Barangkali bagi anda yang kebetulan pernah menyaksikan pementasan kami sebelumnya dengan naskah yang sama, mungkin akan bertanya, mengapa dipentaskan lagi? Apa tidak ada naskah lain? Apakah tidak mampu lagi menulis naskah sendiri? Apa ada perbedaan dengan garapan sebelumnya?

               
Mengapa “Cahaya dan Sampah” kembali Kami Pentaskan?

Menurut kami tidak ada salahnya mengulang apa yang pernah dilakukan, pada kesempatan waktu yang berbeda dengan tempat pentas berbeda, calon penonton berbeda, dan orang yang terlibat di dalam proses penggarapan juga berbeda, maka tidak akan sama bagaimana rasa dan kesan sebuah pementasan meskipun dengan naskah yang sama. Bahwasanya kesenian, khususnya teater menurut kami hanyalah sebuah wadah atau cara untuk menyampaikan wacana, ide, gagasan, atau sebuah pandangan.
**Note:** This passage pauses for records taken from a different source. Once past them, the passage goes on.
(* Let $X$ be a compact metric space with metric $d$, let $f:X\to X$ be continuous, let $Q=\{m_i\}_{i=1}^\infty$ be a strictly increasing sequence of positive integers, and let $\delta>0$. Then the set of all distributional $\delta$-scrambled pairs in the sequence $Q$ is a $G_\delta$ subset of $X\times X$.
   Context: For $x,y\in X$, $t>0$, $n\ge1$, put $\Phi^n_{(xy,Q)}(t)=\frac1n\#\{1\le i\le n: d(f^{m_i}(x),f^{m_i}(y))\le t\}$, $\Phi_{(xy,Q)}(t)=\liminf_{n\to\infty}\Phi^n_{(xy,Q)}(t)$ and $\Phi^\star_{(xy,Q)}(t)=\limsup_{n\to\infty}\Phi^n_{(xy,Q)}(t)$. A pair $(x,y)\in X\times X$ is a distributional $\delta$-scrambled pair in the sequence $Q$ if (1) $\Phi^\star_{(xy,Q)}(t)=1$ for every $t>0$, and (2) $\Phi_{(xy,Q)}(\delta)=0$. *)

theory Defs
  imports "HOL-Analysis.Analysis"
begin

definition distr_n :: "('a::metric_space \<Rightarrow> 'a) \<Rightarrow> (nat \<Rightarrow> nat) \<Rightarrow> 'a \<Rightarrow> 'a \<Rightarrow> nat \<Rightarrow> real \<Rightarrow> real" where
  "distr_n f m x y n t =
     real (card {i \<in> {1..n}. dist ((f ^^ m i) x) ((f ^^ m i) y) \<le> t}) / real n"

definition distr_lower :: "('a::metric_space \<Rightarrow> 'a) \<Rightarrow> (nat \<Rightarrow> nat) \<Rightarrow> 'a \<Rightarrow> 'a \<Rightarrow> real \<Rightarrow> ereal" where
  "distr_lower f m x y t = liminf (\<lambda>n. ereal (distr_n f m x y n t))"

definition distr_upper :: "('a::metric_space \<Rightarrow> 'a) \<Rightarrow> (nat \<Rightarrow> nat) \<Rightarrow> 'a \<Rightarrow> 'a \<Rightarrow> real \<Rightarrow> ereal" where
  "distr_upper f m x y t = limsup (\<lambda>n. ereal (distr_n f m x y n t))"

definition distr_scrambled_pair ::
  "('a::metric_space \<Rightarrow> 'a) \<Rightarrow> (nat \<Rightarrow> nat) \<Rightarrow> real \<Rightarrow> 'a \<Rightarrow> 'a \<Rightarrow> bool" where
  "distr_scrambled_pair f m \<delta> x y \<longleftrightarrow>
     (\<forall>t>0. distr_upper f m x y t = 1) \<and> distr_lower f m x y \<delta> = 0"

end

theory Submission
  imports Defs
begin

text \<open>
  For a fixed n, the number of indices i \<le> n with d(f^(m i) x, f^(m i) y) < t is lower
  semicontinuous in (x, y), being a count of open conditions; so is the number of indices with
  distance > \<delta>. Hence "\<Phi>_n(t) with strict inequality exceeds 1 - 1/(k+1)" and
  "\<Phi>_n(\<delta>) < 1/(k+1)" are open conditions on pairs. The scrambled pairs are exactly
  those satisfying these conditions for infinitely many n, for all k and for all t = 1/(j+1):
  a countable intersection of sets of the form \<Inter>N. \<Union>n\<ge>N. (open set), i.e. a G\<delta> set.
\<close>

lemma openin_card_upclosed:
  assumes "finite I" and "\<And>i. i \<in> I \<Longrightarrow> openin T {p \<in> topspace T. P i p}"
    and "\<And>r s. Q r \<Longrightarrow> r \<le> s \<Longrightarrow> Q s"
  shows "openin T {p \<in> topspace T. Q (card {i \<in> I. P i p})}"
proof -
  have eq: "{p \<in> topspace T. Q (card {i \<in> I. P i p})} =
        (\<Union>J\<in>{J. J \<subseteq> I \<and> Q (card J)}. (\<Inter>i\<in>J. {p \<in> topspace T. P i p}) \<inter> topspace T)"
    (is "?S = ?U")
  proof (intro equalityI subsetI)
    fix p assume "p \<in> ?S"
    then show "p \<in> ?U"
      by (intro UN_I[of "{i \<in> I. P i p}"]) auto
  next
    fix p assume "p \<in> ?U"
    then obtain J where J: "J \<subseteq> I" "Q (card J)" "p \<in> topspace T" "\<And>i. i \<in> J \<Longrightarrow> P i p"
      by auto
    have "card J \<le> card {i \<in> I. P i p}"
      using J assms(1) by (intro card_mono) auto
    with J show "p \<in> ?S"
      using assms(3) by blast
  qed
  have "openin T ((\<Inter>i\<in>J. {p \<in> topspace T. P i p}) \<inter> topspace T)" if "J \<subseteq> I" for J
    using that assms(1,2) by (intro openin_INT) (auto intro: finite_subset)
  then show ?thesis
    unfolding eq by (intro openin_Union) auto
qed

lemma gdelta_in_Collect_frequently:
  assumes "\<And>n. openin T {p \<in> topspace T. P n p}"
  shows "gdelta_in T {p \<in> topspace T. \<exists>\<^sub>F n in sequentially. P n p}"
proof -
  have eq: "{p \<in> topspace T. \<exists>\<^sub>F n in sequentially. P n p} =
        \<Inter> (range (\<lambda>N. \<Union>n\<in>{N..}. {p \<in> topspace T. P n p}))"
    by (auto simp: frequently_sequentially)
  have "openin T (\<Union>n\<in>{N..}. {p \<in> topspace T. P n p})" for N
    using assms by blast
  then show ?thesis
    unfolding eq by (intro gdelta_in_Inter) (auto intro: open_imp_gdelta_in)
qed

lemma gdelta_in_Collect_all:
  fixes P :: "'i::countable \<Rightarrow> 'a \<Rightarrow> bool"
  assumes "\<And>k. gdelta_in T {p \<in> topspace T. P k p}"
  shows "gdelta_in T {p \<in> topspace T. \<forall>k. P k p}"
proof -
  have "{p \<in> topspace T. \<forall>k. P k p} = \<Inter> (range (\<lambda>k. {p \<in> topspace T. P k p}))"
    by auto
  then show ?thesis
    using assms by (auto intro: gdelta_in_Inter)
qed

lemma le_limsup_ereal_iff:
  fixes u :: "nat \<Rightarrow> real"
  shows "ereal c \<le> limsup (\<lambda>n. ereal (u n)) \<longleftrightarrow>
         (\<forall>k. \<exists>\<^sub>F n in sequentially. c - 1 / Suc k < u n)"
proof safe
  fix k assume le: "ereal c \<le> limsup (\<lambda>n. ereal (u n))"
  show "\<exists>\<^sub>F n in sequentially. c - 1 / Suc k < u n"
  proof (rule ccontr)
    assume "\<not> (\<exists>\<^sub>F n in sequentially. c - 1 / Suc k < u n)"
    then have "\<forall>\<^sub>F n in sequentially. ereal (u n) \<le> ereal (c - 1 / Suc k)"
      by (simp add: not_frequently not_less)
    then have "limsup (\<lambda>n. ereal (u n)) \<le> ereal (c - 1 / Suc k)"
      by (rule Limsup_bounded)
    with le have "ereal c \<le> ereal (c - 1 / Suc k)"
      by (rule order.trans)
    then show False by simp
  qed
next
  assume freq: "\<forall>k. \<exists>\<^sub>F n in sequentially. c - 1 / Suc k < u n"
  show "ereal c \<le> limsup (\<lambda>n. ereal (u n))"
  proof (rule ccontr)
    assume "\<not> ereal c \<le> limsup (\<lambda>n. ereal (u n))"
    then obtain z where z: "limsup (\<lambda>n. ereal (u n)) < ereal z" "z < c"
      using ereal_dense2 by (metis less_ereal.simps(1) not_le)
    then obtain k where k: "inverse (Suc k) < c - z"
      using reals_Archimedean by (metis diff_gt_0_iff_gt)
    have below: "\<forall>\<^sub>F n in sequentially. u n < z"
      using z(1) Limsup_le_iff[THEN iffD1, OF order.refl] by fastforce
    have "\<exists>\<^sub>F n in sequentially. z < u n"
      using freq[rule_format, of k] by (rule frequently_elim1) (use k in \<open>simp add: inverse_eq_divide\<close>)
    then have "\<exists>\<^sub>F n in sequentially. False"
      by (rule frequently_rev_mp) (use below in \<open>auto elim: eventually_mono\<close>)
    then show False by simp
  qed
qed

lemma liminf_le_ereal_iff:
  fixes u :: "nat \<Rightarrow> real"
  shows "liminf (\<lambda>n. ereal (u n)) \<le> ereal c \<longleftrightarrow>
         (\<forall>k. \<exists>\<^sub>F n in sequentially. u n < c + 1 / Suc k)"
proof -
  have "liminf (\<lambda>n. ereal (u n)) = - limsup (\<lambda>n. ereal (- u n))"
    using ereal_Liminf_uminus[of sequentially "\<lambda>n. ereal (- u n)"] by simp
  moreover have "- c - a < - b \<longleftrightarrow> b < c + a" for a b :: real
    by linarith
  ultimately show ?thesis
    using le_limsup_ereal_iff[of "- c" "\<lambda>n. - u n"] by (simp add: ereal_uminus_le_reorder)
qed

lemma continuous_on_funpow:
  assumes "continuous_on X f" and "f ` X \<subseteq> X"
  shows "continuous_on X (f ^^ k)"
proof -
  have "continuous_on X (f ^^ k) \<and> (f ^^ k) ` X \<subseteq> X"
  proof (induction k)
    case (Suc k)
    then show ?case
      using assms by (auto simp: image_subset_iff intro: continuous_on_compose2[of X f X "f ^^ k"])
  qed (simp add: continuous_on_id)
  then show ?thesis ..
qed

lemma openin_dist_preimage:
  fixes g :: "'a::metric_space \<Rightarrow> 'b::metric_space"
  assumes "continuous_on X g" and "open V"
  shows "openin (top_of_set (X \<times> X)) {p \<in> X \<times> X. dist (g (fst p)) (g (snd p)) \<in> V}"
proof -
  have "continuous_on (X \<times> X) (\<lambda>p. dist (g (fst p)) (g (snd p)))"
    using assms(1) by (intro continuous_on_dist continuous_on_compose2[OF assms(1)] continuous_intros) auto
  from continuous_openin_preimage_gen[OF this assms(2)] show ?thesis
    by (simp add: vimage_def Int_def)
qed

text \<open>
  Unlike distr_n, its super-level sets are open in (x, y); the two interleave as t varies.
\<close>
definition distr_n_strict :: "('a::metric_space \<Rightarrow> 'a) \<Rightarrow> (nat \<Rightarrow> nat) \<Rightarrow> 'a \<Rightarrow> 'a \<Rightarrow> nat \<Rightarrow> real \<Rightarrow> real" where
  "distr_n_strict f m x y n t =
     real (card {i \<in> {1..n}. dist ((f ^^ m i) x) ((f ^^ m i) y) < t}) / real n"

lemma distr_n_nonneg: "0 \<le> distr_n f m x y n t"
  by (simp add: distr_n_def)

lemma distr_n_le_1: "distr_n f m x y n t \<le> 1"
proof -
  have "card {i \<in> {1..n}. dist ((f ^^ m i) x) ((f ^^ m i) y) \<le> t} \<le> card {1..n}"
    by (intro card_mono) auto
  then show ?thesis
    by (cases "n = 0") (auto simp: distr_n_def divide_le_eq)
qed

lemma distr_n_le_distr_n_strict:
  assumes "t < t'"
  shows "distr_n f m x y n t \<le> distr_n_strict f m x y n t'"
proof -
  have "card {i \<in> {1..n}. dist ((f ^^ m i) x) ((f ^^ m i) y) \<le> t}
      \<le> card {i \<in> {1..n}. dist ((f ^^ m i) x) ((f ^^ m i) y) < t'}"
    using assms by (intro card_mono) auto
  then show ?thesis
    unfolding distr_n_def distr_n_strict_def by (intro divide_right_mono) auto
qed

lemma distr_n_strict_le_distr_n:
  assumes "t' \<le> t"
  shows "distr_n_strict f m x y n t' \<le> distr_n f m x y n t"
proof -
  have "card {i \<in> {1..n}. dist ((f ^^ m i) x) ((f ^^ m i) y) < t'}
      \<le> card {i \<in> {1..n}. dist ((f ^^ m i) x) ((f ^^ m i) y) \<le> t}"
    using assms by (intro card_mono) auto
  then show ?thesis
    unfolding distr_n_def distr_n_strict_def by (intro divide_right_mono) auto
qed

lemma distr_n_eq_complement:
  "distr_n f m x y n t =
     real (n - card {i \<in> {1..n}. t < dist ((f ^^ m i) x) ((f ^^ m i) y)}) / real n"
proof -
  have "card {i \<in> {1..n}. dist ((f ^^ m i) x) ((f ^^ m i) y) \<le> t}
      = card ({1..n} - {i \<in> {1..n}. t < dist ((f ^^ m i) x) ((f ^^ m i) y)})"
    by (intro arg_cong[where f = card]) auto
  also have "\<dots> = n - card {i \<in> {1..n}. t < dist ((f ^^ m i) x) ((f ^^ m i) y)}"
    by (subst card_Diff_subset) auto
  finally show ?thesis
    by (simp add: distr_n_def)
qed

lemma distr_upper_eq_1_iff:
  "distr_upper f m x y t = 1 \<longleftrightarrow>
     (\<forall>k. \<exists>\<^sub>F n in sequentially. 1 - 1 / Suc k < distr_n f m x y n t)"
proof -
  have "distr_upper f m x y t \<le> 1"
    unfolding distr_upper_def by (rule Limsup_bounded) (simp add: distr_n_le_1)
  then have "distr_upper f m x y t = 1 \<longleftrightarrow> ereal 1 \<le> distr_upper f m x y t"
    by (auto simp: one_ereal_def)
  then show ?thesis
    unfolding distr_upper_def le_limsup_ereal_iff .
qed

lemma distr_lower_eq_0_iff:
  "distr_lower f m x y t = 0 \<longleftrightarrow>
     (\<forall>k. \<exists>\<^sub>F n in sequentially. distr_n f m x y n t < 1 / Suc k)"
proof -
  have "0 \<le> distr_lower f m x y t"
    unfolding distr_lower_def by (rule Liminf_bounded) (simp add: distr_n_nonneg)
  then have "distr_lower f m x y t = 0 \<longleftrightarrow> distr_lower f m x y t \<le> ereal 0"
    by (auto simp: zero_ereal_def)
  then show ?thesis
    unfolding distr_lower_def liminf_le_ereal_iff by simp
qed

lemma distr_upper_eq_1_for_all_iff:
  "(\<forall>t>0. distr_upper f m x y t = 1) \<longleftrightarrow>
     (\<forall>j k. \<exists>\<^sub>F n in sequentially. 1 - 1 / Suc k < distr_n_strict f m x y n (1 / Suc j))"
  unfolding distr_upper_eq_1_iff
proof safe
  fix j k
  assume "\<forall>t>0. \<forall>k. \<exists>\<^sub>F n in sequentially. 1 - 1 / Suc k < distr_n f m x y n t"
  then have "\<exists>\<^sub>F n in sequentially. 1 - 1 / Suc k < distr_n f m x y n (1 / Suc (Suc j))"
    by simp
  moreover have "distr_n f m x y n (1 / Suc (Suc j)) \<le> distr_n_strict f m x y n (1 / Suc j)" for n
    by (intro distr_n_le_distr_n_strict) (simp add: frac_less2)
  ultimately show "\<exists>\<^sub>F n in sequentially. 1 - 1 / Suc k < distr_n_strict f m x y n (1 / Suc j)"
    by (auto elim!: frequently_elim1 intro: less_le_trans)
next
  fix t :: real and k
  assume strict: "\<forall>j k. \<exists>\<^sub>F n in sequentially. 1 - 1 / Suc k < distr_n_strict f m x y n (1 / Suc j)"
    and "0 < t"
  then obtain j where "inverse (Suc j) < t"
    using reals_Archimedean by blast
  then have "distr_n_strict f m x y n (1 / Suc j) \<le> distr_n f m x y n t" for n
    by (intro distr_n_strict_le_distr_n) (simp add: inverse_eq_divide)
  moreover have "\<exists>\<^sub>F n in sequentially. 1 - 1 / Suc k < distr_n_strict f m x y n (1 / Suc j)"
    using strict by blast
  ultimately show "\<exists>\<^sub>F n in sequentially. 1 - 1 / Suc k < distr_n f m x y n t"
    by (auto elim!: frequently_elim1 intro: less_le_trans)
qed

lemma gdelta_in_distr_scrambled_pairs:
  fixes f :: "'a::metric_space \<Rightarrow> 'a"
  assumes "continuous_on X f" and "f ` X \<subseteq> X"
  shows "gdelta_in (top_of_set (X \<times> X)) {(x, y) \<in> X \<times> X. distr_scrambled_pair f m \<delta> x y}"
proof -
  let ?T = "top_of_set (X \<times> X)"
  let ?d = "\<lambda>i p. dist ((f ^^ m i) (fst p)) ((f ^^ m i) (snd p))"
  have open_dist: "openin ?T {p \<in> topspace ?T. ?d i p \<in> V}" if "open V" for i V
    using openin_dist_preimage[OF continuous_on_funpow[OF assms] that] by simp
  have open_strict: "openin ?T {p \<in> topspace ?T. c < distr_n_strict f m (fst p) (snd p) n t}" for c n t
    unfolding distr_n_strict_def
    using open_dist[of "{..<t}"]
    by (intro openin_card_upclosed[where P = "\<lambda>i p. ?d i p < t"])
       (auto elim!: less_le_trans intro!: divide_right_mono)
  have open_sparse: "openin ?T {p \<in> topspace ?T. distr_n f m (fst p) (snd p) n \<delta> < \<epsilon>}" for n \<epsilon>
    unfolding distr_n_eq_complement
    using open_dist[of "{\<delta><..}"]
    by (intro openin_card_upclosed[where P = "\<lambda>i p. \<delta> < ?d i p"])
       (auto elim!: le_less_trans[rotated] intro!: divide_right_mono)
  have "{(x, y) \<in> X \<times> X. distr_scrambled_pair f m \<delta> x y} =
      {p \<in> topspace ?T. \<forall>j k. \<exists>\<^sub>F n in sequentially.
         1 - 1 / Suc k < distr_n_strict f m (fst p) (snd p) n (1 / Suc j)} \<inter>
      {p \<in> topspace ?T. \<forall>k. \<exists>\<^sub>F n in sequentially. distr_n f m (fst p) (snd p) n \<delta> < 1 / Suc k}"
    by (auto simp: distr_scrambled_pair_def distr_upper_eq_1_for_all_iff distr_lower_eq_0_iff)
  also have "gdelta_in ?T \<dots>"
    using open_strict open_sparse
    by (intro gdelta_in_Int gdelta_in_Collect_all gdelta_in_Collect_frequently)
  finally show ?thesis .
qed

theorem proposition2p3:
  fixes X :: "'a::metric_space set" and f :: "'a \<Rightarrow> 'a" and m :: "nat \<Rightarrow> nat" and \<delta> :: real
  assumes "compact X"
    and "continuous_on X f" and "f ` X \<subseteq> X"
    and "strict_mono_on {1..} m" and "\<forall>i\<ge>1. 0 < m i"
    and "\<delta> > 0"
  shows "gdelta_in (prod_topology (top_of_set X) (top_of_set X))
           {(x, y) \<in> X \<times> X. distr_scrambled_pair f m \<delta> x y}"
  using gdelta_in_distr_scrambled_pairs[OF assms(2,3)] by simp

end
Seorang pendakwah akan menyampaikan ayat-ayat Tuhan dengan ceramah di mimbar menghadap para jamaah, seorang guru dengan caranya masing-masing mentransfer pengetahuan kepada muridnya, atau yang lebih sederhana saja, dilingkungan pertemanan, dua atau lebih individu yang sedang berkumpul, satu sama lain akan saling berkomunikasi menyampaikan maksud, satu bicara yang lain mendengar, mencoba memahami semampunya, menanggapi, masa bodoh tidak peduli, atau bilamana perlu angkat kaki sebab merasa jenuh tidak lagi memiliki kesamaan selera tema obrolan. Karena memilih teater, maka pementasan menjadi cara kami untuk berkomunikasi, menyampaikan apa yang ingin kami sampaikan kepada anda sekalian yang berkenan hadir pada pementasan kami.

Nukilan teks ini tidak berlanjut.